Collected data entries
● ● ● ●

lemma connected_complete_bipartite:
  assumes "a \<in> A" "b \<in> B" "A \<inter> B = {}"
  shows "connected_graph (A \<union> B) (\<lambda>x y. (x \<in> A \<and> y \<in> B) \<or> (x \<in> B \<and> y \<in> A))"
  unfolding connected_graph_def
proof (intro conjI ballI)
  fix u v
  assume "u \<in> A \<union> B" "v \<in> A \<union> B"
  then consider "u \<in> A" "v \<in> B" | "u \<in> B" "v \<in> A" | "u \<in> A" "v \<in> A" | "u \<in> B" "v \<in> B"
    by blast
  then show "\<exists>xs. is_walk (A \<union> B) (\<lambda>x y. (x \<in> A \<and> y \<in> B) \<or> (x \<in> B \<and> y \<in> A)) xs
      \<and> hd xs = u \<and> last xs = v"
  proof cases
    case 1 then show ?thesis by (intro exI[of _ "[u, v]"]) auto
  next
    case 2 then show ?thesis by (intro exI[of _ "[u, v]"]) auto
  next
    case 3 then show ?thesis using assms by (intro exI[of _ "[u, b, v]"]) auto
  next
    case 4 then show ?thesis using assms by (intro exI[of _ "[u, a, v]"]) auto
  qed
qed (use assms in auto)

lemma complete_bipartite_graph_exists:
  assumes "2 \<le> n"
  shows "\<exists>(V :: nat set) E. simple_graph V E \<and> connected_graph V E \<and> bipartite V E \<and> card V = n
    \<and> is_complete_bipartite V E (n div 2) (n - n div 2)"
proof -
  define A B where "A = {..<n div 2}" and "B = {n div 2..<n}"
  define E where "E = (\<lambda>x y. (x \<in> A \<and> y \<in> B) \<or> (x \<in> B \<and> y \<in> A))"
  have V: "A \<union> B = {..<n}" and disj: "A \<inter> B = {}"
    by (auto simp: A_def B_def)
  have "simple_graph (A \<union> B) E"
    using disj by (auto simp: simple_graph_def E_def A_def B_def)
  moreover have "connected_graph (A \<union> B) E"
    unfolding E_def using assms disj
    by (intro connected_complete_bipartite[of 0 _ "n div 2"]) (auto simp: A_def B_def)
  moreover have "bipartite (A \<union> B) E"
    using disj by (auto simp: bipartite_def E_def intro!: exI[of _ A])
  moreover have "is_complete_bipartite (A \<union> B) E (n div 2) (n - n div 2)"
    unfolding is_complete_bipartite_def using disj
    by (intro exI[of _ A] exI[of _ B]) (auto simp: E_def A_def B_def)
  ultimately show ?thesis
    using V by (metis card_lessThan)
qed

theorem corollary6:
  fixes n :: nat
  assumes "n \<ge> 2"
  shows "(\<forall>(V :: 'a set) E. simple_graph V E \<and> connected_graph V E \<and> bipartite V E \<and> card V = n \<longrightarrow>
            NGG V E \<le> sqrt (real (n div 2) * real (n - n div 2)) \<and>
            GG V E \<le> sqrt ((real n - 2) * real (n div 2) * real (n - n div 2)) \<and>
            (NGG V E = sqrt (real (n div 2) * real (n - n div 2)) \<longleftrightarrow>
               is_complete_bipartite V E (n div 2) (n - n div 2)) \<and>
            (GG V E = sqrt ((real n - 2) * real (n div 2) * real (n - n div 2)) \<longleftrightarrow>
               is_complete_bipartite V E (n div 2) (n - n div 2)))
       \<and> (\<exists>(V :: nat set) E. simple_graph V E \<and> connected_graph V E \<and> bipartite V E \<and> card V = n \<and>
            NGG V E = sqrt (real (n div 2) * real (n - n div 2)) \<and>
            GG V E = sqrt ((real n - 2) * real (n div 2) * real (n - n div 2)))"
proof -
  obtain V :: "nat set" and E where
    G: "simple_graph V E" "connected_graph V E" "bipartite V E" "card V = n"
    and complete: "is_complete_bipartite V E (n div 2) (n - n div 2)"
    using complete_bipartite_graph_exists[OF assms] by blast
  show ?thesis
    using bipartite_NGG_GG_extremal[OF _ _ _ _ assms] bipartite_NGG_GG_extremal[OF G assms] G complete
    by blast
qed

● ● ● ●

### Task instructions
Exactly and without omission, set down every entry.

### Problem solution
lemma connected_complete_bipartite:
  assumes "a \<in> A" "b \<in> B" "A \<inter> B = {}"
  shows "connected_graph (A \<union> B) (\<lambda>x y. (x \<in> A \<and> y \<in> B) \<or> (x \<in> B \<and> y \<in> A))"
  unfolding connected_graph_def
proof (intro conjI ballI)
  fix u v
  assume "u \<in> A \<union> B" "v \<in> A \<union> B"
  then consider "u \<in> A" "v \<in> B" | "u \<in> B" "v \<in> A" | "u \<in> A" "v \<in> A" | "u \<in> B" "v \<in> B"
    by blast
  then show "\<exists>xs. is_walk (A \<union> B) (\<lambda>x y. (x \<in> A \<and> y \<in> B) \<or> (x \<in> B \<and> y \<in> A)) xs
      \<and> hd xs = u \<and> last xs = v"
  proof cases
    case 1 then show ?thesis by (intro exI[of _ "[u, v]"]) auto
  next
    case 2 then show ?thesis by (intro exI[of _ "[u, v]"]) auto
  next
    case 3 then show ?thesis using assms by (intro exI[of _ "[u, b, v]"]) auto
  next
    case 4 then show ?thesis using assms by (intro exI[of _ "[u, a, v]"]) auto
  qed
qed (use assms in auto)

lemma complete_bipartite_graph_exists:
  assumes "2 \<le> n"
  shows "\<exists>(V :: nat set) E. simple_graph V E \<and> connected_graph V E \<and> bipartite V E \<and> card V = n
    \<and> is_complete_bipartite V E (n div 2) (n - n div 2)"
proof -
  define A B where "A = {..<n div 2}" and "B = {n div 2..<n}"
  define E where "E = (\<lambda>x y. (x \<in> A \<and> y \<in> B) \<or> (x \<in> B \<and> y \<in> A))"
  have V: "A \<union> B = {..<n}" and disj: "A \<inter> B = {}"
    by (auto simp: A_def B_def)
  have "simple_graph (A \<union> B) E"
    using disj by (auto simp: simple_graph_def E_def A_def B_def)
  moreover have "connected_graph (A \<union> B) E"
    unfolding E_def using assms disj
    by (intro connected_complete_bipartite[of 0 _ "n div 2"]) (auto simp: A_def B_def)
  moreover have "bipartite (A \<union> B) E"
    using disj by (auto simp: bipartite_def E_def intro!: exI[of _ A])
  moreover have "is_complete_bipartite (A \<union> B) E (n div 2) (n - n div 2)"
    unfolding is_complete_bipartite_def using disj
    by (intro exI[of _ A] exI[of _ B]) (auto simp: E_def A_def B_def)
  ultimately show ?thesis
    using V by (metis card_lessThan)
qed

theorem corollary6:
  fixes n :: nat
  assumes "n \<ge> 2"
  shows "(\<forall>(V :: 'a set) E. simple_graph V E \<and> connected_graph V E \<and> bipartite V E \<and> card V = n \<longrightarrow>
            NGG V E \<le> sqrt (real (n div 2) * real (n - n div 2)) \<and>
            GG V E \<le> sqrt ((real n - 2) * real (n div 2) * real (n - n div 2)) \<and>
            (NGG V E = sqrt (real (n div 2) * real (n - n div 2)) \<longleftrightarrow>
               is_complete_bipartite V E (n div 2) (n - n div 2)) \<and>
            (GG V E = sqrt ((real n - 2) * real (n div 2) * real (n - n div 2)) \<longleftrightarrow>
               is_complete_bipartite V E (n div 2) (n - n div 2)))
       \<and> (\<exists>(V :: nat set) E. simple_graph V E \<and> connected_graph V E \<and> bipartite V E \<and> card V = n \<and>
            NGG V E = sqrt (real (n div 2) * real (n - n div 2)) \<and>
            GG V E = sqrt ((real n - 2) * real (n div 2) * real (n - n div 2)))"
proof -
  obtain V :: "nat set" and E where
    G: "simple_graph V E" "connected_graph V E" "bipartite V E" "card V = n"
    and complete: "is_complete_bipartite V E (n div 2) (n - n div 2)"
    using complete_bipartite_graph_exists[OF assms] by blast
  show ?thesis
    using bipartite_NGG_GG_extremal[OF _ _ _ _ assms] bipartite_NGG_GG_extremal[OF G assms] G complete
    by blast
qed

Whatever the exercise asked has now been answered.